**Your objective**
The records follow. Give them all back exactly.

**Provided material**
text \<open>If \<open>|x - z| \<ge> d\<close>, then every \<open>y\<close> is at distance \<open>\<ge> d/2\<close> from \<open>z\<close> (where the kernel is
  small) or from \<open>x\<close> (where the weight is small).\<close>

lemma kernel_weight_split:
  fixes t d \<rho> a S ml :: real
  assumes t: "t > 0" and d: "d > 0" and \<rho>: "\<rho> \<ge> 0" and a: "a \<ge> 0" and tri: "d \<le> \<rho> + a"
    and ml: "ml \<ge> 0" and m\<alpha>: "m + \<alpha> \<ge> 0"
    and S: "0 \<le> S" "S \<le> (Cs * t powr \<alpha> / (t + a) powr (m + \<alpha>))\<^sup>2"
  shows "S * ((t / (t + \<rho>)) powr ml / t powr m)
    \<le> Cs\<^sup>2 * t powr (2 * \<alpha>) * (d / 2) powr (- (2 * (m + \<alpha>))) * ((t / (t + \<rho>)) powr ml / t powr m)
      + (2 * t / d) powr ml * Cs\<^sup>2 * t powr (- 2 * m) * ((t / (t + a)) powr (2 * m + 2 * \<alpha>) / t powr m)"
    (is "_ \<le> ?near + ?far")
proof (cases "d / 2 \<le> a")
  case True
  then have "S \<le> Cs\<^sup>2 * t powr (2 * \<alpha>) * (d / 2) powr (- (2 * (m + \<alpha>)))"
    using S(2) kernel_bound_sq_le_at_distance[OF t d True m\<alpha>, of Cs] by linarith
  then have "S * ((t / (t + \<rho>)) powr ml / t powr m) \<le> ?near"
    by (rule mult_right_mono) simp
  moreover have "0 \<le> ?far" by simp
  ultimately show ?thesis by linarith
next
  case False
  then have "t / (t + \<rho>) \<le> t / (d / 2)"
    using t d \<rho> tri by (intro divide_left_mono) auto
  then have "t / (t + \<rho>) \<le> 2 * t / d"
    by (simp add: mult.commute)
  then have "(t / (t + \<rho>)) powr ml \<le> (2 * t / d) powr ml"
    using t \<rho> ml by (intro powr_mono2) auto
  then have "S * ((t / (t + \<rho>)) powr ml / t powr m) \<le> S * ((2 * t / d) powr ml / t powr m)"
    using S(1) by (intro mult_left_mono divide_right_mono) auto
  also have "\<dots> = (2 * t / d) powr ml * (S / t powr m)"
    by simp
  also have "\<dots> \<le> (2 * t / d) powr ml * (Cs\<^sup>2 * t powr (- 2 * m) * (t / (t + a)) powr (2 * m + 2 * \<alpha>) / t powr m)"
    using S(2) kernel_bound_sq_eq[OF t a, of Cs \<alpha> m] by (intro mult_left_mono divide_right_mono) auto
  also have "\<dots> = ?far"
    by (simp add: ac_simps)
  finally have "S * ((t / (t + \<rho>)) powr ml / t powr m) \<le> ?far" .
  moreover have "0 \<le> ?near" by simp
  ultimately show ?thesis by linarith
qed

lemma nn_integral_kernel_weight_le:
  fixes s :: "real ^ 'n \<Rightarrow> complex"
  assumes mu_borel: "sets mu = sets borel"
    and growth: "\<And>x \<rho>. \<rho> > 0 \<Longrightarrow> emeasure mu (linf_ball x \<rho>) \<le> ennreal (C * \<rho> powr m)"
    and m: "m > 0" and lam: "lam > 2" and \<alpha>: "\<alpha> > 0"
    and s_meas: "s \<in> borel_measurable borel"
    and s_size: "\<And>y. norm (s y) \<le> Cs * t powr \<alpha> / (t + linf_dist y z) powr (m + \<alpha>)"
    and t: "t > 0" and d: "d > 0" "d \<le> linf_dist x z"
  shows "(\<integral>\<^sup>+ y. ennreal ((cmod (s y))\<^sup>2 * ((t / (t + linf_dist x y)) powr (m * lam) / t powr m)) \<partial>mu)
    \<le> ennreal (Cs\<^sup>2 * t powr (2 * \<alpha>) * (d / 2) powr (- (2 * (m + \<alpha>))) * tail_const C m (m * lam)
      + (2 * t / d) powr (m * lam) * Cs\<^sup>2 * t powr (- 2 * m) * tail_const C m (2 * m + 2 * \<alpha>))"
proof -
  define c1 where "c1 = Cs\<^sup>2 * t powr (2 * \<alpha>) * (d / 2) powr (- (2 * (m + \<alpha>)))"
  define c2 where "c2 = (2 * t / d) powr (m * lam) * Cs\<^sup>2 * t powr (- 2 * m)"
  define w where "w = (\<lambda>\<beta> (c :: real ^ 'n) y. (t / (t + linf_dist c y)) powr \<beta> / t powr m)"
  have c: "c1 \<ge> 0" "c2 \<ge> 0" unfolding c1_def c2_def by simp_all
  have [measurable]: "w \<beta> c \<in> borel_measurable mu" for \<beta> c
    unfolding w_def measurable_cong_sets[OF mu_borel refl] by measurable
  have "ennreal ((cmod (s y))\<^sup>2 * w (m * lam) x y)
      \<le> ennreal (c1 * w (m * lam) x y) + ennreal (c2 * w (2 * m + 2 * \<alpha>) z y)" for y
  proof -
    have "(cmod (s y))\<^sup>2 \<le> (Cs * t powr \<alpha> / (t + linf_dist y z) powr (m + \<alpha>))\<^sup>2"
      using s_size[of y] by (intro power_mono) auto
    then have "(cmod (s y))\<^sup>2 * w (m * lam) x y \<le> c1 * w (m * lam) x y + c2 * w (2 * m + 2 * \<alpha>) z y"
      unfolding c1_def c2_def w_def linf_dist_commute[of z y]
      using m lam \<alpha> d linf_dist_triangle[of x z y]
      by (intro kernel_weight_split[OF t d(1) linf_dist_nonneg linf_dist_nonneg]) auto
    then show ?thesis
      using c by (simp add: w_def ennreal_plus[symmetric] del: ennreal_plus)
  qed
  then have "(\<integral>\<^sup>+ y. ennreal ((cmod (s y))\<^sup>2 * w (m * lam) x y) \<partial>mu)
      \<le> (\<integral>\<^sup>+ y. ennreal (c1 * w (m * lam) x y) \<partial>mu) + (\<integral>\<^sup>+ y. ennreal (c2 * w (2 * m + 2 * \<alpha>) z y) \<partial>mu)"
    by (subst nn_integral_add[symmetric]) (auto intro: nn_integral_mono)
  also have "\<dots> \<le> ennreal (c1 * tail_const C m (m * lam)) + ennreal (c2 * tail_const C m (2 * m + 2 * \<alpha>))"
    unfolding w_def using m lam \<alpha> t c
    by (intro add_mono nn_integral_scaled_tail_weight_le[OF mu_borel growth]) auto
  also have "\<dots> = ennreal (c1 * tail_const C m (m * lam) + c2 * tail_const C m (2 * m + 2 * \<alpha>))"
    using c m lam \<alpha> by (intro ennreal_plus[symmetric] mult_nonneg_nonneg tail_const_nonneg) auto
  finally show ?thesis
    unfolding c1_def c2_def w_def by (simp add: mult.assoc)
qed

**Solved problem**
text \<open>If \<open>|x - z| \<ge> d\<close>, then every \<open>y\<close> is at distance \<open>\<ge> d/2\<close> from \<open>z\<close> (where the kernel is
  small) or from \<open>x\<close> (where the weight is small).\<close>

lemma kernel_weight_split:
  fixes t d \<rho> a S ml :: real
  assumes t: "t > 0" and d: "d > 0" and \<rho>: "\<rho> \<ge> 0" and a: "a \<ge> 0" and tri: "d \<le> \<rho> + a"
    and ml: "ml \<ge> 0" and m\<alpha>: "m + \<alpha> \<ge> 0"
    and S: "0 \<le> S" "S \<le> (Cs * t powr \<alpha> / (t + a) powr (m + \<alpha>))\<^sup>2"
  shows "S * ((t / (t + \<rho>)) powr ml / t powr m)
    \<le> Cs\<^sup>2 * t powr (2 * \<alpha>) * (d / 2) powr (- (2 * (m + \<alpha>))) * ((t / (t + \<rho>)) powr ml / t powr m)
      + (2 * t / d) powr ml * Cs\<^sup>2 * t powr (- 2 * m) * ((t / (t + a)) powr (2 * m + 2 * \<alpha>) / t powr m)"
    (is "_ \<le> ?near + ?far")
proof (cases "d / 2 \<le> a")
  case True
  then have "S \<le> Cs\<^sup>2 * t powr (2 * \<alpha>) * (d / 2) powr (- (2 * (m + \<alpha>)))"
    using S(2) kernel_bound_sq_le_at_distance[OF t d True m\<alpha>, of Cs] by linarith
  then have "S * ((t / (t + \<rho>)) powr ml / t powr m) \<le> ?near"
    by (rule mult_right_mono) simp
  moreover have "0 \<le> ?far" by simp
  ultimately show ?thesis by linarith
next
  case False
  then have "t / (t + \<rho>) \<le> t / (d / 2)"
    using t d \<rho> tri by (intro divide_left_mono) auto
  then have "t / (t + \<rho>) \<le> 2 * t / d"
    by (simp add: mult.commute)
  then have "(t / (t + \<rho>)) powr ml \<le> (2 * t / d) powr ml"
    using t \<rho> ml by (intro powr_mono2) auto
  then have "S * ((t / (t + \<rho>)) powr ml / t powr m) \<le> S * ((2 * t / d) powr ml / t powr m)"
    using S(1) by (intro mult_left_mono divide_right_mono) auto
  also have "\<dots> = (2 * t / d) powr ml * (S / t powr m)"
    by simp
  also have "\<dots> \<le> (2 * t / d) powr ml * (Cs\<^sup>2 * t powr (- 2 * m) * (t / (t + a)) powr (2 * m + 2 * \<alpha>) / t powr m)"
    using S(2) kernel_bound_sq_eq[OF t a, of Cs \<alpha> m] by (intro mult_left_mono divide_right_mono) auto
  also have "\<dots> = ?far"
    by (simp add: ac_simps)
  finally have "S * ((t / (t + \<rho>)) powr ml / t powr m) \<le> ?far" .
  moreover have "0 \<le> ?near" by simp
  ultimately show ?thesis by linarith
qed

lemma nn_integral_kernel_weight_le:
  fixes s :: "real ^ 'n \<Rightarrow> complex"
  assumes mu_borel: "sets mu = sets borel"
    and growth: "\<And>x \<rho>. \<rho> > 0 \<Longrightarrow> emeasure mu (linf_ball x \<rho>) \<le> ennreal (C * \<rho> powr m)"
    and m: "m > 0" and lam: "lam > 2" and \<alpha>: "\<alpha> > 0"
    and s_meas: "s \<in> borel_measurable borel"
    and s_size: "\<And>y. norm (s y) \<le> Cs * t powr \<alpha> / (t + linf_dist y z) powr (m + \<alpha>)"
    and t: "t > 0" and d: "d > 0" "d \<le> linf_dist x z"
  shows "(\<integral>\<^sup>+ y. ennreal ((cmod (s y))\<^sup>2 * ((t / (t + linf_dist x y)) powr (m * lam) / t powr m)) \<partial>mu)
    \<le> ennreal (Cs\<^sup>2 * t powr (2 * \<alpha>) * (d / 2) powr (- (2 * (m + \<alpha>))) * tail_const C m (m * lam)
      + (2 * t / d) powr (m * lam) * Cs\<^sup>2 * t powr (- 2 * m) * tail_const C m (2 * m + 2 * \<alpha>))"
proof -
  define c1 where "c1 = Cs\<^sup>2 * t powr (2 * \<alpha>) * (d / 2) powr (- (2 * (m + \<alpha>)))"
  define c2 where "c2 = (2 * t / d) powr (m * lam) * Cs\<^sup>2 * t powr (- 2 * m)"
  define w where "w = (\<lambda>\<beta> (c :: real ^ 'n) y. (t / (t + linf_dist c y)) powr \<beta> / t powr m)"
  have c: "c1 \<ge> 0" "c2 \<ge> 0" unfolding c1_def c2_def by simp_all
  have [measurable]: "w \<beta> c \<in> borel_measurable mu" for \<beta> c
    unfolding w_def measurable_cong_sets[OF mu_borel refl] by measurable
  have "ennreal ((cmod (s y))\<^sup>2 * w (m * lam) x y)
      \<le> ennreal (c1 * w (m * lam) x y) + ennreal (c2 * w (2 * m + 2 * \<alpha>) z y)" for y
  proof -
    have "(cmod (s y))\<^sup>2 \<le> (Cs * t powr \<alpha> / (t + linf_dist y z) powr (m + \<alpha>))\<^sup>2"
      using s_size[of y] by (intro power_mono) auto
    then have "(cmod (s y))\<^sup>2 * w (m * lam) x y \<le> c1 * w (m * lam) x y + c2 * w (2 * m + 2 * \<alpha>) z y"
      unfolding c1_def c2_def w_def linf_dist_commute[of z y]
      using m lam \<alpha> d linf_dist_triangle[of x z y]
      by (intro kernel_weight_split[OF t d(1) linf_dist_nonneg linf_dist_nonneg]) auto
    then show ?thesis
      using c by (simp add: w_def ennreal_plus[symmetric] del: ennreal_plus)
  qed
  then have "(\<integral>\<^sup>+ y. ennreal ((cmod (s y))\<^sup>2 * w (m * lam) x y) \<partial>mu)
      \<le> (\<integral>\<^sup>+ y. ennreal (c1 * w (m * lam) x y) \<partial>mu) + (\<integral>\<^sup>+ y. ennreal (c2 * w (2 * m + 2 * \<alpha>) z y) \<partial>mu)"
    by (subst nn_integral_add[symmetric]) (auto intro: nn_integral_mono)
  also have "\<dots> \<le> ennreal (c1 * tail_const C m (m * lam)) + ennreal (c2 * tail_const C m (2 * m + 2 * \<alpha>))"
    unfolding w_def using m lam \<alpha> t c
    by (intro add_mono nn_integral_scaled_tail_weight_le[OF mu_borel growth]) auto
  also have "\<dots> = ennreal (c1 * tail_const C m (m * lam) + c2 * tail_const C m (2 * m + 2 * \<alpha>))"
    using c m lam \<alpha> by (intro ennreal_plus[symmetric] mult_nonneg_nonneg tail_const_nonneg) auto
  finally show ?thesis
    unfolding c1_def c2_def w_def by (simp add: mult.assoc)
qed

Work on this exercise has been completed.